Chile: Is there a majority for a modern constitution? – Politics

Gabriel Boric pretty much nailed it: “I know it wasn’t easy,” said Chile’s young president at a ceremony in Santiago de Chile on Monday, at which a draft of the new constitution was handed to him. “But that’s the way it is, dear compatriots: Democracy is not easy.”

Exactly one year has passed since a Constituent Assembly began work in Chile. It was and is a huge democratic experiment: 154 MPs elected by the people were supposed to draft a new Magna Carta. After months of exhausting and tough work is now a work of almost 200 pages, 388 articles that could change Chile forever.

Among other things, the new constitution stipulates that all state institutions should be staffed with as many women as men. Article 51 guarantees the right to dignified and adequate housing, Article 61 stipulates the free development of sexuality and obliges the state to create the conditions for pregnancy and childbirth, as well as for voluntary abortions. While the indigenous peoples of the country were not even mentioned in Chile’s currently valid constitution, the draft now presented declares the country to be a plurinational state, interculturally and ecologically, in the very first article.

The Chileans now have two months to read through the new constitution. On September 4, there will be a vote on whether or not it should come into force.

The current constitution comes from Pinochet

Because in fact it is anything but certain that a majority will decide in favor of the draft. Chile’s current constitution dates back to the bloody military dictatorship. Back then, in the early 1980s, General Augusto Pinochet gave the country a Magna Carta entirely according to his wishes, with a strong president, a powerful military and a radically free-market economic system.

Education, health, even access to water: everything has been placed in private hands as much as possible. Chile became a neoliberal economic miracle, poverty fell and prosperity increased, but over time it became increasingly obvious that it was not reaching all sections of the population.

While large landowners can now lavishly irrigate their plantations with free water from their private wells, a few hundred meters away not a drop comes out of the tap of the residents of the next village. And while the rich and powerful dine in upscale restaurants in Santiago’s posh districts, on the other side of the city whole families sit on the streets begging because they have neither food nor a roof over their heads.
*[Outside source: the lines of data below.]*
lemma sqnorm_sender_part:
  assumes q: "q \<in> A" and fin: "finite A" and F: "\<forall>w<N. sqnorm A (F w) \<le> 1" and w: "w < 2 * N"
  shows "sqnorm (A - {q}) (sender_part q N F w) \<le> 1"
proof -
  have restr_q: "c(q := False) = c" if "c \<in> local_cfgs (A - {q})" for c
    using that by (auto simp: local_cfgs_iff fun_eq_iff)
  have split: "sqnorm A h = (\<Sum>c\<in>local_cfgs (A - {q}). (cmod (h c))\<^sup>2 + (cmod (h (c(q := True))))\<^sup>2)"
    for h using sqnorm_insert[of q "A - {q}" h] fin q by (simp add: insert_absorb)
  show ?thesis
  proof (cases "w < N")
    case True
    have "sqnorm (A - {q}) (sender_part q N F w) = (\<Sum>c\<in>local_cfgs (A - {q}). (cmod (F w c))\<^sup>2)"
      unfolding sqnorm_def sender_part_def using True by (intro sum.cong refl) (simp add: restr_q)
    also have "\<dots> \<le> sqnorm A (F w)" unfolding split by (intro sum_mono) simp
    finally show ?thesis using F True by force
  next
    case False
    have "sqnorm (A - {q}) (sender_part q N F w)
        = (\<Sum>c\<in>local_cfgs (A - {q}). (cmod (F (w - N) (c(q := True))))\<^sup>2)"
      unfolding sqnorm_def sender_part_def using False by simp
    also have "\<dots> \<le> sqnorm A (F (w - N))" unfolding split by (intro sum_mono) simp
    also have "\<dots> \<le> 1" using F False w by simp
    finally show ?thesis .
  qed
qed

lemma sqnorm_receiver_part:
  assumes q: "q \<notin> B" and fin: "finite B" and G: "\<forall>w<N. sqnorm B (G w) \<le> 1" and w: "w < 2 * N"
  shows "sqnorm (insert q B) (receiver_part B q N G w) \<le> 1"
proof -
  have restr_upd: "restr B (d(q := True)) = d" and d_q: "\<not> d q" if "d \<in> local_cfgs B" for d
    using that q unfolding restr_def local_cfgs_iff fun_eq_iff by auto
  have "sqnorm (insert q B) (receiver_part B q N G w)
      = (if w < N then sqnorm B (G w) else sqnorm B (G (w - N)))"
    unfolding sqnorm_insert[OF q fin] unfolding sqnorm_def receiver_part_def
    by (cases "w < N"; simp; intro sum.cong refl) (simp_all add: d_q restr_upd restr_eq_self)
  then show ?thesis using G w by auto
qed

lemma product_decomp_send:
  assumes AB: "A \<inter> B = {}" "A \<union> B = {..<m}" and q: "q \<in> A" and U: "unitary_on A U"
    and D: "product_decomp m A B N v F G"
  shows "product_decomp m (A - {q}) (insert q B) (2 * N) (apply_local m A U v)
           (sender_part q N (\<lambda>w. matvec A U (F w))) (receiver_part B q N G)"
proof -
  have fin: "finite A" "finite B" using AB(2) by (metis finite_Un finite_lessThan)+
  have qB: "q \<notin> B" using AB(1) q by auto
  have "apply_local m A U v s
      = (\<Sum>w<2 * N. sender_part q N (\<lambda>w. matvec A U (F w)) w (restr (A - {q}) s)
                    * receiver_part B q N G w (restr (insert q B) s))" if "s \<in> cube m" for s
  proof -
    have "apply_local m A U v s = (\<Sum>w<N. matvec A U (F w) (restr A s) * G w (restr B s))"
      using D unfolding product_decomp_def by (intro apply_local_product_sum[OF AB that]) blast
    then show ?thesis using product_sum_move_qubit[OF AB(1) q, where F = "\<lambda>w. matvec A U (F w)"] by simp
  qed
  moreover have "sqnorm (A - {q}) (sender_part q N (\<lambda>w. matvec A U (F w)) w) \<le> 1" if "w < 2 * N" for w
    using D that unfolding product_decomp_def
    by (intro sqnorm_sender_part[OF q fin(1)]) (simp_all add: sqnorm_matvec_unitary[OF fin(1) U])
  moreover have "sqnorm (insert q B) (receiver_part B q N G w) \<le> 1" if "w < 2 * N" for w
    using D that unfolding product_decomp_def by (intro sqnorm_receiver_part[OF qB fin(2)]) auto
  ultimately show ?thesis unfolding product_decomp_def by blast
qed

definition product_decomposable ::
    "nat \<Rightarrow> (nat \<Rightarrow> bool) \<Rightarrow> nat \<Rightarrow> (cfg \<Rightarrow> cfg \<Rightarrow> cfg \<Rightarrow> complex) \<Rightarrow> bool" where
  "product_decomposable m own N V \<longleftrightarrow>
     (\<exists>F G. \<forall>x y. product_decomp m (owned m own True) (owned m own False) N (V x y) (F x) (G y))"

lemma owned_disjoint: "owned m own p \<inter> owned m own (\<not> p) = {}"
  unfolding owned_def by auto

lemma owned_Un: "owned m own p \<union> owned m own (\<not> p) = {..<m}"
  unfolding owned_def by auto

lemma finite_owned: "finite (owned m own p)"
  unfolding owned_def by auto

lemma product_decomposable_round:
  assumes q: "q < m" "own q = p" and U: "unitary_on (owned m own p) U"
    and D: "product_decomposable m own N V"
  shows "product_decomposable m (own(q := \<not> p)) (2 * N)
           (\<lambda>x y. apply_local m (owned m own p) U (V x y))"
proof -
  let ?A = "owned m own p" and ?B = "owned m own (\<not> p)"
  have qA: "q \<in> ?A" using q unfolding owned_def by auto
  have own': "owned m (own(q := \<not> p)) p = ?A - {q}" "owned m (own(q := \<not> p)) (\<not> p) = insert q ?B"
    using q unfolding owned_def by auto
  obtain F G where FG: "\<And>x y. product_decomp m (owned m own True) (owned m own False) N (V x y) (F x) (G y)"
    using D unfolding product_decomposable_def by blast
  show ?thesis
  proof (cases p)
    case True
    have "product_decomp m (?A - {q}) (insert q ?B) (2 * N) (apply_local m ?A U (V x y))
            (sender_part q N (\<lambda>w. matvec ?A U (F x w))) (receiver_part ?B q N (G y))" for x y
      using FG True by (intro product_decomp_send[OF owned_disjoint owned_Un qA U]) simp
    then show ?thesis unfolding product_decomposable_def using own' True
      by (intro exI[of _ "\<lambda>x. sender_part q N (\<lambda>w. matvec ?A U (F x w))"]
          exI[of _ "\<lambda>y. receiver_part ?B q N (G y)"]) simp
  next
    case False
    have "product_decomp m (?A - {q}) (insert q ?B) (2 * N) (apply_local m ?A U (V x y))
            (sender_part q N (\<lambda>w. matvec ?A U (G y w))) (receiver_part ?B q N (F x))" for x y
      using FG False
      by (intro product_decomp_send[OF owned_disjoint owned_Un qA U]) (simp add: product_decomp_swap)
    then have "product_decomp m (owned m (own(q := \<not> p)) True) (owned m (own(q := \<not> p)) False)
        (2 * N) (apply_local m ?A U (V x y))
        (receiver_part ?B q N (F x)) (sender_part q N (\<lambda>w. matvec ?A U (G y w)))" for x y
      using own' False by (simp add: product_decomp_swap)
    then show ?thesis unfolding product_decomposable_def
      by (intro exI[of _ "\<lambda>x. receiver_part ?B q N (F x)"]
          exI[of _ "\<lambda>y. sender_part q N (\<lambda>w. matvec ?A U (G y w))"]) simp
  qed
qed

lemma fst_run_indep: "fst (run m rs own v) = fst (run m rs own v')"
  by (induction rs arbitrary: own v v') auto

lemma product_decomposable_run:
  assumes "valid_rounds m rs own" "product_decomposable m own N V"
  shows "product_decomposable m (fst (run m rs own (\<lambda>_. 0))) (2 ^ length rs * N)
           (\<lambda>x y. snd (run m rs own (V x y)))"
  using assms
proof (induction rs arbitrary: own N V)
  case Nil
  then show ?case by simp
next
  case (Cons r rs)
  obtain p U q where r: "r = (p, U, q)" by (cases r)
  have valid: "valid_rounds m rs (own(q := \<not> p))" using Cons.prems(1) r by simp
  have "product_decomposable m (own(q := \<not> p)) (2 * N)
          (\<lambda>x y. apply_local m (owned m own p) U (V x y))"
    using Cons.prems r by (intro product_decomposable_round) auto
  from Cons.IH[OF valid this] have "product_decomposable m (fst (run m rs (own(q := \<not> p)) (\<lambda>_. 0))) (2 ^ length rs * (2 * N))
      (\<lambda>x y. snd (run m rs (own(q := \<not> p)) (apply_local m (owned m own p) U (V x y))))" .
  moreover have "fst (run m (r # rs) own (\<lambda>_. 0)) = fst (run m rs (own(q := \<not> p)) (\<lambda>_. 0))"
    using r fst_run_indep by simp
  ultimately show ?case using r by (simp add: mult_ac)
qed

lemma init_basis_in_cube: "2 * n \<le> m \<Longrightarrow> init_basis n x y \<in> cube m"
  unfolding init_basis_def cube_def by auto

lemma cube_eq_iff_restr:
  assumes "S \<inter> T = {}" "S \<union> T = {..<m}" "s \<in> cube m" "t \<in> cube m"
  shows "s = t \<longleftrightarrow> restr S s = restr S t \<and> restr T s = restr T t"
proof
  assume "restr S s = restr S t \<and> restr T s = restr T t"
  moreover have "join (restr S s) (restr T s) = s" "join (restr S t) (restr T t) = t"
    using assms join_restr by (auto simp: cube_eq_local_cfgs)
  ultimately show "s = t" by metis
qed simp

abbreviation init_vec :: "nat \<Rightarrow> cfg \<Rightarrow> cfg \<Rightarrow> cfg \<Rightarrow> complex" where
  "init_vec n x y \<equiv> (\<lambda>s. if s = init_basis n x y then 1 else 0)"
In 2019, dissatisfaction with these conditions culminated in gigantic mass protests. Chile’s then President Sebastian Piñera reacted with incomprehension. The extremely wealthy entrepreneur and conservative politician first sent the police, then the military. When none of this helped, they grudgingly approached the demonstrators and promised a constitutional referendum.

A wish list of left-wing activists?

In October 2020, 78 percent of voters were in favor of a new constitution. However, and this is the problem, turnout was just over 50 percent. When the members of the Constituent Assembly were to be elected, even fewer people went to the polls. Above all, the conservative and traditional parties in the country could not or did not want to mobilize their supporters. In the end, therefore, mainly independent and left-wing candidates were elected to the committee.

Conservative critics object that the draft constitution now presented is little more than a wish list for left-wing and indigenous activists. They warn that it would mean the end of the Chilean economic miracle, of the rule of law and of democracy.

This is of course an exaggeration. Nevertheless, approval of the new constitution is dwindling, as is that of the young President Gabriel Boric. He only took office in March. The hopes were huge back then, but so were the challenges. In the south there are riots with radical activists of the Mapuche people, in the north residents are demonstrating against immigrants, and on top of all that there is inflation and crime.

Boric now called for the vote on the constitution not to be one on his government: “This is about Chile’s future,” he said. But no matter how the election ends, there is already something that all Chileans can be proud of: “At the moment of the deepest crisis, we decided for more democracy – and not for less.” From the President’s point of view, all the effort has already paid off.